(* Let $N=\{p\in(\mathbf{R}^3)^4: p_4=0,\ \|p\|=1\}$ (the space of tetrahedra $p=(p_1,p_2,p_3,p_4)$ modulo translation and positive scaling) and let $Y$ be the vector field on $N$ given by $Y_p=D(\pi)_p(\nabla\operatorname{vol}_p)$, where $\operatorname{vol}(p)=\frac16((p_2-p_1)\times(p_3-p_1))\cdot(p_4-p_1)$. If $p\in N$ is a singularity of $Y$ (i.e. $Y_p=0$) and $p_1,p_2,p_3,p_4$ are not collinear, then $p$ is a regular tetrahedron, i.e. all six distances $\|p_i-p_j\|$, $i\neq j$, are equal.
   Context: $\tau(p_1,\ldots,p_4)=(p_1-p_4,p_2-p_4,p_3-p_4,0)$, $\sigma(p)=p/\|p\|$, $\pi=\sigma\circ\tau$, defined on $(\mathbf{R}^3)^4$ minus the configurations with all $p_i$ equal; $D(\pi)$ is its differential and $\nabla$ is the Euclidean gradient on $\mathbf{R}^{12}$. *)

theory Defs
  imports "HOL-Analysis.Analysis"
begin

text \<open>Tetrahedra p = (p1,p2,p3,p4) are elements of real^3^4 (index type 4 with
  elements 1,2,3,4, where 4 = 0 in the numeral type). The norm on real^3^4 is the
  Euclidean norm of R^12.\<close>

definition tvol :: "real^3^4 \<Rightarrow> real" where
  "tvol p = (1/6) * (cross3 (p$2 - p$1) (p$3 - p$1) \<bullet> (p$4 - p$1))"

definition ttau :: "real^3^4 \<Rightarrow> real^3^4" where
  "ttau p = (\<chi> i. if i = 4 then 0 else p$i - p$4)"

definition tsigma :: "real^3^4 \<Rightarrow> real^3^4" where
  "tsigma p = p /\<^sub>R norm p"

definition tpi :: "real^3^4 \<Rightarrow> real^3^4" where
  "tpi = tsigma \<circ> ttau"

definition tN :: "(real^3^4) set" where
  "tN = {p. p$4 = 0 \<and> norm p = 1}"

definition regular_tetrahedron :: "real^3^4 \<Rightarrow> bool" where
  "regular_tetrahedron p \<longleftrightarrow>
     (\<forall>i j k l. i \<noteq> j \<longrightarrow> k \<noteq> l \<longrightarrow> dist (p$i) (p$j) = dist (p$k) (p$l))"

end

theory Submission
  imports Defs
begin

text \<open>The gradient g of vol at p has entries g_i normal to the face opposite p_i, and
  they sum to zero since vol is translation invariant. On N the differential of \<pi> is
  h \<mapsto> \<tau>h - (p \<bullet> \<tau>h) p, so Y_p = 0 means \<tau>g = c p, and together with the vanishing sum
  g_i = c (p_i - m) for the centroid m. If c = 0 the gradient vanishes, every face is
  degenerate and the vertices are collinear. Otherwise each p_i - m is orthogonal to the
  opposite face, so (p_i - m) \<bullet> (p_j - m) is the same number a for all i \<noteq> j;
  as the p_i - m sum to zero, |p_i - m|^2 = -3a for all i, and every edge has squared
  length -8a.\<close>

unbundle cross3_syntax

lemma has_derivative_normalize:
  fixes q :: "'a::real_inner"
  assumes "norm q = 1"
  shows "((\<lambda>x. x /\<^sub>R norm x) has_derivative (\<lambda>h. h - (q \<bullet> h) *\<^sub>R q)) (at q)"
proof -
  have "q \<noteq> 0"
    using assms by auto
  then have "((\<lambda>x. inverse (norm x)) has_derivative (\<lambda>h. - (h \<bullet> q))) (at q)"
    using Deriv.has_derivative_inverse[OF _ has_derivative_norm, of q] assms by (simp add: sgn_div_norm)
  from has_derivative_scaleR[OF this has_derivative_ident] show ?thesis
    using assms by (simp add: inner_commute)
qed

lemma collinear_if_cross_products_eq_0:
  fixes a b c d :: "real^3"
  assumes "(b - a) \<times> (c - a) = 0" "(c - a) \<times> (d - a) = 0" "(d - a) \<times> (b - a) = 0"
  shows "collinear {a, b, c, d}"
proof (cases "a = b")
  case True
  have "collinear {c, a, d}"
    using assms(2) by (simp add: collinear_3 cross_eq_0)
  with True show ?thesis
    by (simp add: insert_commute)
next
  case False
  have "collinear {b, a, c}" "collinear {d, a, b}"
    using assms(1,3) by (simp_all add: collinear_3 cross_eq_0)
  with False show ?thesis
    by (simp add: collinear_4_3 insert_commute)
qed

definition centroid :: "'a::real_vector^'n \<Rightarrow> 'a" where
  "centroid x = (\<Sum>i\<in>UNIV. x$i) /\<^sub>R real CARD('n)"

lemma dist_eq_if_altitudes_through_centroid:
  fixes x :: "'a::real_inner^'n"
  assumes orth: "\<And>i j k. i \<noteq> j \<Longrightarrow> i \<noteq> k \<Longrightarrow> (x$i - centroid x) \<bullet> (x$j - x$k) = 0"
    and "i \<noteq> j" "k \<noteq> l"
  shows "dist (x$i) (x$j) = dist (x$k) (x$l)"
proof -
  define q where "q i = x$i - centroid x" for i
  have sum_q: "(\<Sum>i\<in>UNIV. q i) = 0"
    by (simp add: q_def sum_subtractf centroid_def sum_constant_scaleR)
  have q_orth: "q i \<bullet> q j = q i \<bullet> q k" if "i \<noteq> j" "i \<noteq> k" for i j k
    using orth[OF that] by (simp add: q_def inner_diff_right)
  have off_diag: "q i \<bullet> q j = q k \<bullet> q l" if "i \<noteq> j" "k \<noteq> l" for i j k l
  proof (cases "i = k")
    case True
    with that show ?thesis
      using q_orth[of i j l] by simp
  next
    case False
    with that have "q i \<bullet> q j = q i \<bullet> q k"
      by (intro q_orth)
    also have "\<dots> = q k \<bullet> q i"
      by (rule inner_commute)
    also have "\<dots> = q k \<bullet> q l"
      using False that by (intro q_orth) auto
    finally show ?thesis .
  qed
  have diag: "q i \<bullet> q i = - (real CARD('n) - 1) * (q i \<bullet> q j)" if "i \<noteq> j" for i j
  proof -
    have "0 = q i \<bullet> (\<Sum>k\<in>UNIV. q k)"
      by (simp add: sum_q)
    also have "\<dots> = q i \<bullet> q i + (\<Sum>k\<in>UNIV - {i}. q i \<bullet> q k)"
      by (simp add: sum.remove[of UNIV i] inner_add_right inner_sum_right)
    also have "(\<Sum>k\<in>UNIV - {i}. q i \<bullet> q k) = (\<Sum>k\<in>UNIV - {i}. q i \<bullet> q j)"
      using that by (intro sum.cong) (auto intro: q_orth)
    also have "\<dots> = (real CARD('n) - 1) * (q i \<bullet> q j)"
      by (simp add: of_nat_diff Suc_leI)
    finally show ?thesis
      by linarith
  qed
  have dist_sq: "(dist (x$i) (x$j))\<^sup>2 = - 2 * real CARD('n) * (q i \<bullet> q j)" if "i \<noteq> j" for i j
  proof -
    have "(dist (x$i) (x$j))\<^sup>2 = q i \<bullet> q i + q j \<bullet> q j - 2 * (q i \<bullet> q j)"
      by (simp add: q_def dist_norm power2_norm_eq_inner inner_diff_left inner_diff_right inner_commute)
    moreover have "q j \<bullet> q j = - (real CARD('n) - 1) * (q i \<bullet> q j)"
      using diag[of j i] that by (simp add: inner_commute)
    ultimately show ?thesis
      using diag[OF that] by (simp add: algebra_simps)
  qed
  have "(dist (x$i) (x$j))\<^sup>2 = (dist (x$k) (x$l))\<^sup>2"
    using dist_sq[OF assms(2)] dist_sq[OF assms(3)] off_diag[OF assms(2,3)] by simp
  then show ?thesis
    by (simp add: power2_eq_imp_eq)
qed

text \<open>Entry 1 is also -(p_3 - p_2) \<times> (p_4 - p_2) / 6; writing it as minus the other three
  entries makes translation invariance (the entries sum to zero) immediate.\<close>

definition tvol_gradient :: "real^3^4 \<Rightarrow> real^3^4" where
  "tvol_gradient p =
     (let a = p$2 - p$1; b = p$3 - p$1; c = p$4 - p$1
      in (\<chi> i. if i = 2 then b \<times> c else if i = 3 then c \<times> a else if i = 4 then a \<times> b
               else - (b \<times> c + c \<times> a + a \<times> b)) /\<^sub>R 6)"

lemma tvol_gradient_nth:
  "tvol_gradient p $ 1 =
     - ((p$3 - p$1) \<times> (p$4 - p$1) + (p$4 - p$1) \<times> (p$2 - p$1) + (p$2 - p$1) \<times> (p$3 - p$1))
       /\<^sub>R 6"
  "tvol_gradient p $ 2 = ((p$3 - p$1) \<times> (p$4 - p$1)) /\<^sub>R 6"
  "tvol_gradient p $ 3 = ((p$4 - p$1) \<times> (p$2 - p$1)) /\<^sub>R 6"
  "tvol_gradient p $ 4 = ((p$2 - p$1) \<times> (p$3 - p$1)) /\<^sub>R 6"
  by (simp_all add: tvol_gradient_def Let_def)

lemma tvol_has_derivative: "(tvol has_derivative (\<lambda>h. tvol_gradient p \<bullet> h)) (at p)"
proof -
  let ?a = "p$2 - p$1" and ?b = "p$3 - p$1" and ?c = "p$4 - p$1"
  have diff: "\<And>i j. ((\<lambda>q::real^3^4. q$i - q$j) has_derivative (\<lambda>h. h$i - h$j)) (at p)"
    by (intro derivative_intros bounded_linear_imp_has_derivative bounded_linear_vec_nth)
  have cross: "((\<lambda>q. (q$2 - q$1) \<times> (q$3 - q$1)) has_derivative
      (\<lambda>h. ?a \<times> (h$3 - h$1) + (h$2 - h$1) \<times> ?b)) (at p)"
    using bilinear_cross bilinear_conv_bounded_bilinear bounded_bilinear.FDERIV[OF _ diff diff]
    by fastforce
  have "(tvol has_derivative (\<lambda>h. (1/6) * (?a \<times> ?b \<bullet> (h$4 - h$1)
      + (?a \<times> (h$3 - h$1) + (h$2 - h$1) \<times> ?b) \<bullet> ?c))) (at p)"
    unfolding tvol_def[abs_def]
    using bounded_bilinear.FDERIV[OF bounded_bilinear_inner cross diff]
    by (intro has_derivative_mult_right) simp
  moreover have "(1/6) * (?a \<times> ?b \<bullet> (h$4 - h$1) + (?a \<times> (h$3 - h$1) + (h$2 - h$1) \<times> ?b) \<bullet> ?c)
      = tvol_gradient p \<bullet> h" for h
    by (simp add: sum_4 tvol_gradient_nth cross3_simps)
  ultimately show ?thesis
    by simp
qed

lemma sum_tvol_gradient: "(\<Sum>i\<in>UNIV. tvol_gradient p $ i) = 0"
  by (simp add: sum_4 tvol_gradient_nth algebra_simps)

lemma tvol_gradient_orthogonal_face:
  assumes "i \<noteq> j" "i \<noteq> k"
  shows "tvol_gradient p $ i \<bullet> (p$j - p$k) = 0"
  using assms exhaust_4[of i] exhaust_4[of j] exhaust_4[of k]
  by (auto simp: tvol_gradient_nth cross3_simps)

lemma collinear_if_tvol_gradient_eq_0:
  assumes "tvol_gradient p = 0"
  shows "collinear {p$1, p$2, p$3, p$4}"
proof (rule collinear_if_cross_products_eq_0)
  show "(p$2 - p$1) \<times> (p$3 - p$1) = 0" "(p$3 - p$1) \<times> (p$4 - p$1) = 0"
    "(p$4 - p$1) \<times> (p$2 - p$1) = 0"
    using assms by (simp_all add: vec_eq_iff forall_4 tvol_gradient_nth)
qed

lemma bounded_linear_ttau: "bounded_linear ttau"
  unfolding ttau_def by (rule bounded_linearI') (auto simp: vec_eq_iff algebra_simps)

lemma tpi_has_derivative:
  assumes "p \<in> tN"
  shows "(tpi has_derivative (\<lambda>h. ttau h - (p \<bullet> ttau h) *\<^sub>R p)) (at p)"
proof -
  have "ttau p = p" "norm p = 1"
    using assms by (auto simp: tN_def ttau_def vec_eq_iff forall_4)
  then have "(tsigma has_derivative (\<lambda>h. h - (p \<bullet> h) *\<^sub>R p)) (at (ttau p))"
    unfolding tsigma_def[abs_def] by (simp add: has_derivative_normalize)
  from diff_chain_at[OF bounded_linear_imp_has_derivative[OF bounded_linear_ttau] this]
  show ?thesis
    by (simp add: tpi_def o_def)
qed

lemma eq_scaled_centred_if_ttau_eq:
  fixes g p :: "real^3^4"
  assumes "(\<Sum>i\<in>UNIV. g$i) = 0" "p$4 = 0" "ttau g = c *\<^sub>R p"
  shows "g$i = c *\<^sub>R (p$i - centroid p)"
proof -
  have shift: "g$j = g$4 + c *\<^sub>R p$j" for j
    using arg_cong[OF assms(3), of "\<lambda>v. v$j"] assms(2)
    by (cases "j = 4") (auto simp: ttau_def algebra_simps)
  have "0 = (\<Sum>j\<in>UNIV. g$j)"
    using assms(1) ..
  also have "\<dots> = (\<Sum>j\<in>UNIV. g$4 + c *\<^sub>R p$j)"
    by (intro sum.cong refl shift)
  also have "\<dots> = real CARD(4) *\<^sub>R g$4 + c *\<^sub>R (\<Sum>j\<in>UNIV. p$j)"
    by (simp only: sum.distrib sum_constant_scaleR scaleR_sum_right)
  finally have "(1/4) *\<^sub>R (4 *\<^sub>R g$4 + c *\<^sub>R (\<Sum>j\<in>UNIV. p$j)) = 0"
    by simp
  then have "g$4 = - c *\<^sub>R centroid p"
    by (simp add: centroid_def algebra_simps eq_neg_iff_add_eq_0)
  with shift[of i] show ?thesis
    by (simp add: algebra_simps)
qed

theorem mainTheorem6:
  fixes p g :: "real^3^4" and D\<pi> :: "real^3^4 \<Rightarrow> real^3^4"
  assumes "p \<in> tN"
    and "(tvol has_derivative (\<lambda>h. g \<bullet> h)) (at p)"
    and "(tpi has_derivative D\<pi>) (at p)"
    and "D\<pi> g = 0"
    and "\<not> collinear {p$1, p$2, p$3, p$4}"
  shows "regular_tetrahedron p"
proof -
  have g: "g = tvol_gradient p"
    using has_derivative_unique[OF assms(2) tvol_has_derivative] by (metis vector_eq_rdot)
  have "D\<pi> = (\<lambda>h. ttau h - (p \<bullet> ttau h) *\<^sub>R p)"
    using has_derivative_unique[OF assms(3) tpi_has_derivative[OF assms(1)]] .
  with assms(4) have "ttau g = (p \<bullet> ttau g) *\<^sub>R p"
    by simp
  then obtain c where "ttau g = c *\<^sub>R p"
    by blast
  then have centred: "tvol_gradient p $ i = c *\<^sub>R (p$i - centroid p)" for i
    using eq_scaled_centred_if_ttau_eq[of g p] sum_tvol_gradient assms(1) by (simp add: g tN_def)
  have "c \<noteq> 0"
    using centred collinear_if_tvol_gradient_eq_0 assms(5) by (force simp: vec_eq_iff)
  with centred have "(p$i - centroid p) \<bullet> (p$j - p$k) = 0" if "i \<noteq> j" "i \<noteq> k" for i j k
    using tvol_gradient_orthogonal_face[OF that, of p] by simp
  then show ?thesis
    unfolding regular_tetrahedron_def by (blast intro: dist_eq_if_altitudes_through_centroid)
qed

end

────────────────────────────────────────

Task requirements
Please, from the entries above, set down exactly the lines from the one containing "from diff_chain_at[OF bounded_linear_imp_has_derivative[OF" through the one containing "(\<Sum>j\<in>UNIV. g$4 +", and only those.

Result of this task
  from diff_chain_at[OF bounded_linear_imp_has_derivative[OF bounded_linear_ttau] this]
  show ?thesis
    by (simp add: tpi_def o_def)
qed

lemma eq_scaled_centred_if_ttau_eq:
  fixes g p :: "real^3^4"
  assumes "(\<Sum>i\<in>UNIV. g$i) = 0" "p$4 = 0" "ttau g = c *\<^sub>R p"
  shows "g$i = c *\<^sub>R (p$i - centroid p)"
proof -
  have shift: "g$j = g$4 + c *\<^sub>R p$j" for j
    using arg_cong[OF assms(3), of "\<lambda>v. v$j"] assms(2)
    by (cases "j = 4") (auto simp: ttau_def algebra_simps)
  have "0 = (\<Sum>j\<in>UNIV. g$j)"
    using assms(1) ..
  also have "\<dots> = (\<Sum>j\<in>UNIV. g$4 + c *\<^sub>R p$j)"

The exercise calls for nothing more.